Lunisolar Calendar - Calculate lunar calendar like Vietnamese (or Chinese) based on your own timezone

1. How to use Lunisolar Calendar app

With Lunisolar Calendar app, users can select a day or a month in the common calendar to see the equivalent dates in Vietnamese Lunar Calendar. The required inputs are:

• Day (if you select a day): It has to be a positive integer not greater than the maximum day of a particular month (28, 29, 30, or 31)
• Month: It is from January to December
• Year: It has to be a positive integer. If you are willing to look up a Before Common Era year, do select the BCE option below
• BCE or CE: It is the option for Before Common Era or Common Era
• New Moon soure: It is the data source for New Moon moments. This option will be explained more detail at section 3.3
• UTC offset: It is your timezone's time offset. For example, Vietnamese use UTC+7
• Language: Your calendar will use the chosen language. The default language is English

After pressing the "Search" buttons, if there is anything not right, this tool will have a notification. And if there hasn't been the Lunisolar Calendar data for the chosen dates, this tool will display Lunisolar Calendar date as 0 or TBD.

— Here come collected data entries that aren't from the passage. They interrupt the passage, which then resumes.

definition C_plus :: "'a set" where "C_plus = C \<inter> eigsp h 1"
definition C_minus :: "'a set" where "C_minus = uminus ` C \<inter> eigsp h (-1)"

lemma convex_C: "convex C"
  and cone_C: "cone C"
  using convex_cone_C by (simp_all add: convex_cone_def conic_def cone_def)

lemma convex_cone_C_plus: "convex_cone C_plus"
  and convex_cone_C_minus: "convex_cone C_minus"
  by (simp_all add: C_plus_def C_minus_def convex_cone_Int convex_cone_C convex_cone_negations
      subspace_imp_convex_cone subspace_eigsp[OF linear_h])

lemma convex_C_plus: "convex C_plus"
  and convex_C_minus: "convex C_minus"
  using convex_cone_C_plus convex_cone_C_minus by (simp_all add: convex_cone_def)

lemma closed_C_plus: "closed C_plus"
  and closed_C_minus: "closed C_minus"
  by (simp_all add: C_plus_def C_minus_def closed_Int closed_C closed_negations
      closed_subspace subspace_eigsp[OF linear_h])

lemma flow_scaled_mem:
  assumes "x \<in> C" "0 < s"
  shows "s *\<^sub>R Pm x + P0 x + inverse s *\<^sub>R P1 x \<in> C"
  using flow_invariant[of "- ln s"] assms by (auto simp: rexp_op_proj exp_minus)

In the table of month calendar, you can click a particular cell of days to see the detailed day calendar.

2. How Vietnamese calculate the Lunisolar Calendar

2.1. Overview of Vietnamese Lunisolar Calendar

The Traditional Vietnamese Lunisolar Calendar, or Lunar Calendar, is based on moon phases but not just that. It's not purely lunar calendar like the Islamic one. It's combined with the solar year (based on the Sun), or tropical year specifically. People usually call the Vietnamese calendar as lunar calendar, but it's actually in lunisolar category. Of course there are some other lunisolar calendars around the world, they differ each other in calculating rules and which type of the "solar part" they use.

Vietnamese Lunisolar Calendar is used to have an important role, since moon phases help people know clearly about water tides or make plan for activities at night. Meanwhile it's also in a rough agreement with the solar year, meaning roughly synchronized with seasons and weather cycles. Nowadays, Vietnamese Lunisolar Calendar is the fundamental of folk cultures, religions, or the identification of traditional festivals, events and memorial days... It's accompanied with Five Agents/Elements (Fire, Water, Wood, Metal, Earth), or Heavenly Sterms and Earthly Branches.

In general, Vietnamese Lunisolar/Lunar Calendar has intercalation rules to add intercalary/leap month everytime it drift too far away from the synchronization with the solar year. But before diving in the detailed rules, we have to be clear on some concepts and definitions in astrology.

2.2. Basic concepts and definitions in calendar calculating

In astronomy, the Ecliptic Coordinate System is a celestial coordinate system commonly used for representing the apparent positions, orbits, and pole orientations of Solar System objects. With the Earth-centered Ecliptic Coordinate System, we have the Celestial Sphere which is an abstract sphere that has an arbitrarily large radius and is concentric to Earth. All objects in the sky can be conceived as being projected upon the inner surface of the Celestial Sphere. Half of the sphere would resemble a hemispherical screen over the observing location, it's the observer's visible sky.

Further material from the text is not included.